The Fed said it would start winding down its vast, $4.5 trillion balance sheer in October. It left interest rates unchanged, as had been almost universally expected, but left the door wide open to a move later this year, with market odds on a December increase now up to 75%. The central bank kept its growth forecasts unchanged but it did lower its inflation expectations. This in turn saw it lower its own expectation for rate increases out to 2019 to three from four. There was still a good deal of effective monetary tightening there, and both the US Dollar and Treasury yields rose. Asian stocks took the news gingerly. A stronger Dollar rarely causes Japan’s export titans much concern and the Nikkei duly rose 0.2%. Financials also got a lift from higher interest rate prospects, but all other major Asian bourses were in the red by the close, albeit not by much.
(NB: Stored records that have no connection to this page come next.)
(* For $n\ge1$, $\left|\Pi_n\wr C_2(1^11^2,1^12^2)\right|=(n+1)B(n)$, where $B(n)$ is the $n$th Bell number.
   Context: For $n\ge0$ let $[n]=\{1,\dots,n\}$. A $2$-colored set partition of $[n]$ is a set partition of $[n]$ together with an assignment of a color from $\{1,2\}$ to each element; $\Pi_n\wr C_2$ is the set of these. For a set $S$ of patterns, $\Pi_n\wr C_2(S)$ is the set of such colored partitions avoiding every pattern in $S$ in the pattern sense. For the patterns used here: $\sigma$ contains $1^11^2$ iff there are $i<j$ in the same block with $i$ colored $1$ and $j$ colored $2$; $\sigma$ contains $1^12^2$ iff there are $i<j$ in different blocks with $i$ colored $1$ and $j$ colored $2$. $B(n)$ is the number of set partitions of $[n]$. *)

theory Defs
  imports "HOL-Library.Disjoint_Sets" "HOL-Library.FuncSet"
begin

definition set_partitions :: "nat \<Rightarrow> nat set set set" where
  "set_partitions n = {P. partition_on {1..n} P}"

definition Bell :: "nat \<Rightarrow> nat" where
  "Bell n = card (set_partitions n)"

definition colored_partitions :: "nat \<Rightarrow> (nat set set \<times> (nat \<Rightarrow> nat)) set" where
  "colored_partitions n = {(P, c). partition_on {1..n} P \<and> c \<in> {1..n} \<rightarrow>\<^sub>E {1, 2}}"

definition contains_11_12 :: "nat set set \<times> (nat \<Rightarrow> nat) \<Rightarrow> bool" where
  "contains_11_12 \<sigma> = (case \<sigma> of (P, c) \<Rightarrow>
     \<exists>i j B. i < j \<and> B \<in> P \<and> i \<in> B \<and> j \<in> B \<and> c i = 1 \<and> c j = 2)"

definition contains_11_22 :: "nat set set \<times> (nat \<Rightarrow> nat) \<Rightarrow> bool" where
  "contains_11_22 \<sigma> = (case \<sigma> of (P, c) \<Rightarrow>
     \<exists>i j B B'. i < j \<and> B \<in> P \<and> B' \<in> P \<and> B \<noteq> B' \<and> i \<in> B \<and> j \<in> B'
        \<and> c i = 1 \<and> c j = 2)"

end

theory Submission
  imports Defs
begin

text \<open>Every pair \<open>i < j\<close> of \<open>[n]\<close> lies either in one block or in two different blocks, so
  avoiding both patterns only says that no colour 1 precedes a colour 2; the partition is
  unconstrained. Such colourings are 2 on an initial segment \<open>{1..k}\<close> and 1 afterwards,
  giving \<open>n + 1\<close> choices of \<open>k\<close> for each of the \<open>B(n)\<close> partitions.\<close>

definition colourings_avoiding_12 :: "nat \<Rightarrow> (nat \<Rightarrow> nat) set" where
  "colourings_avoiding_12 n =
     {c \<in> {1..n} \<rightarrow>\<^sub>E {1, 2}. \<forall>i\<in>{1..n}. \<forall>j\<in>{1..n}. i < j \<longrightarrow> \<not> (c i = 1 \<and> c j = 2)}"

definition initial_segment_colouring :: "nat \<Rightarrow> nat \<Rightarrow> nat \<Rightarrow> nat" where
  "initial_segment_colouring n k = restrict (\<lambda>i. if i \<le> k then 2 else 1) {1..n}"

lemma contains_11_12_or_11_22_iff:
  assumes "partition_on {1..n} P"
  shows "contains_11_12 (P, c) \<or> contains_11_22 (P, c) \<longleftrightarrow>
         (\<exists>i\<in>{1..n}. \<exists>j\<in>{1..n}. i < j \<and> c i = 1 \<and> c j = 2)"
proof
  have "\<Union>P = {1..n}" using assms by (simp add: partition_on_def)
  then show "contains_11_12 (P, c) \<or> contains_11_22 (P, c) \<Longrightarrow>
             \<exists>i\<in>{1..n}. \<exists>j\<in>{1..n}. i < j \<and> c i = 1 \<and> c j = 2"
    unfolding contains_11_12_def contains_11_22_def by blast
next
  assume "\<exists>i\<in>{1..n}. \<exists>j\<in>{1..n}. i < j \<and> c i = 1 \<and> c j = 2"
  then obtain i j where ij: "i \<in> {1..n}" "j \<in> {1..n}" "i < j" "c i = 1" "c j = 2"
    by blast
  obtain B B' where "B \<in> P" "i \<in> B" "B' \<in> P" "j \<in> B'"
    using ij(1,2) assms by (metis partition_on_def UnionE)
  then show "contains_11_12 (P, c) \<or> contains_11_22 (P, c)"
    using ij(3-5) unfolding contains_11_12_def contains_11_22_def by (cases "B = B'") blast+
qed

lemma pattern_avoiders_eq_product:
  "{\<sigma> \<in> colored_partitions n. \<not> contains_11_12 \<sigma> \<and> \<not> contains_11_22 \<sigma>}
     = set_partitions n \<times> colourings_avoiding_12 n" (is "?A = ?B")
proof (rule set_eqI)
  fix \<sigma> :: "nat set set \<times> (nat \<Rightarrow> nat)"
  obtain P c where \<sigma>: "\<sigma> = (P, c)" by fastforce
  show "\<sigma> \<in> ?A \<longleftrightarrow> \<sigma> \<in> ?B"
  proof (cases "partition_on {1..n} P")
    case True
    have "\<not> contains_11_12 (P, c) \<and> \<not> contains_11_22 (P, c) \<longleftrightarrow>
          (\<forall>i\<in>{1..n}. \<forall>j\<in>{1..n}. i < j \<longrightarrow> \<not> (c i = 1 \<and> c j = 2))"
      using contains_11_12_or_11_22_iff[OF True, of c] by blast
    with True show ?thesis
      unfolding \<sigma> colored_partitions_def set_partitions_def colourings_avoiding_12_def
      by blast
  qed (simp add: \<sigma> colored_partitions_def set_partitions_def)
qed

lemma colourings_avoiding_12_twos_initial_segment:
  assumes c: "c \<in> colourings_avoiding_12 n"
  obtains k where "k \<le> n" and "{i \<in> {1..n}. c i = 2} = {1..k}"
proof -
  define T where "T = {i \<in> {1..n}. c i = 2}"
  define k where "k = Max (insert 0 T)"
  have fin: "finite (insert 0 T)" by (simp add: T_def)
  have T_le_k: "i \<le> k" if "i \<in> T" for i
    unfolding k_def using fin that by (intro Max_ge) auto
  have "k \<le> n" unfolding k_def using fin by (subst Max_le_iff) (auto simp: T_def)
  have k_in: "k = 0 \<or> k \<in> T" using Max_in[OF fin] by (auto simp: k_def)
  have "{1..k} \<subseteq> T"
  proof
    fix i assume i: "i \<in> {1..k}"
    then have "k \<in> T" using k_in by auto
    then have k: "k \<in> {1..n}" "c k = 2" by (auto simp: T_def)
    show "i \<in> T"
    proof (cases "i = k")
      case False
      with i k have "i \<in> {1..n}" "i < k" by auto
      with k c have "c i \<noteq> 1" "c i \<in> {1, 2}"
        unfolding colourings_avoiding_12_def by blast+
      with \<open>i \<in> {1..n}\<close> show ?thesis by (auto simp: T_def)
    qed (use \<open>k \<in> T\<close> in simp)
  qed
  moreover have "T \<subseteq> {1..k}" using T_le_k by (auto simp: T_def)
  ultimately show thesis using that \<open>k \<le> n\<close> by (auto simp: T_def)
qed

lemma colourings_avoiding_12_eq_image:
  "colourings_avoiding_12 n = initial_segment_colouring n ` {0..n}"
proof safe
  fix c assume c: "c \<in> colourings_avoiding_12 n"
  then obtain k where "k \<le> n" and twos: "{i \<in> {1..n}. c i = 2} = {1..k}"
    by (rule colourings_avoiding_12_twos_initial_segment)
  have "c = initial_segment_colouring n k"
  proof
    fix i
    show "c i = initial_segment_colouring n k i"
    proof (cases "i \<in> {1..n}")
      case True
      then have "c i = 2 \<longleftrightarrow> i \<le> k" using twos by (auto simp: set_eq_iff)
      moreover have "c i \<in> {1, 2}" using c True by (auto simp: colourings_avoiding_12_def)
      ultimately show ?thesis using True by (auto simp: initial_segment_colouring_def)
    next
      case False
      with c have "c i = undefined" unfolding colourings_avoiding_12_def by (blast intro: PiE_arb)
      with False show ?thesis by (auto simp: initial_segment_colouring_def)
    qed
  qed
  with \<open>k \<le> n\<close> show "c \<in> initial_segment_colouring n ` {0..n}" by auto
next
  fix k
  show "initial_segment_colouring n k \<in> colourings_avoiding_12 n"
    unfolding colourings_avoiding_12_def initial_segment_colouring_def by auto
qed

lemma inj_on_initial_segment_colouring: "inj_on (initial_segment_colouring n) {0..n}"
proof (rule inj_onI, rule ccontr)
  fix k k' assume k: "k \<in> {0..n}" "k' \<in> {0..n}" and "k \<noteq> k'"
    and eq: "initial_segment_colouring n k = initial_segment_colouring n k'"
  \<comment> \<open>the two colourings differ at \<open>max k k'\<close>\<close>
  define m where "m = max k k'"
  have "m \<in> {1..n}" using k \<open>k \<noteq> k'\<close> by (auto simp: m_def max_def)
  moreover have "(m \<le> k) \<noteq> (m \<le> k')" using \<open>k \<noteq> k'\<close> by (auto simp: m_def)
  moreover have "initial_segment_colouring n k m = initial_segment_colouring n k' m"
    using eq by simp
  ultimately show False by (auto simp: initial_segment_colouring_def split: if_splits)
qed

lemma card_colourings_avoiding_12: "card (colourings_avoiding_12 n) = n + 1"
  by (simp add: colourings_avoiding_12_eq_image card_image[OF inj_on_initial_segment_colouring])

theorem mainTheorem8:
  fixes n :: nat
  assumes "n \<ge> 1"
  shows "card {\<sigma> \<in> colored_partitions n. \<not> contains_11_12 \<sigma> \<and> \<not> contains_11_22 \<sigma>}
           = (n + 1) * Bell n"
  unfolding pattern_avoiders_eq_product card_cartesian_product card_colourings_avoiding_12
    Bell_def by simp

end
The Bank of Japan left its monetary settings alone, again as expected, while the Australian Dollar took a modest if barely explicable hit when Reserve Bank of Australia Governor Philip Lowe said that higher interest rates elsewhere had no “automatic link” to domestic monetary policy. Indeed, the US Dollar was broadly stronger, rising to two-week highs against the Yen, firming up still further later in the session when Bank of Japan Governor Haruhiko Kuroda recommitted to ultra-loose monetary policy until inflation rises to the 2% target, distant thought that day would appear to be.
The rest of the session will offer investors UK public finance data, US house price numbers along with continuing and initial jobless-claims figures. The Philadelphia Fed’s manufacturing survey is coming up, as are US leading indicators. European Central Bank President Mario Draghi will speak in Frankfurt while Eurozone consumer confidence data are also due.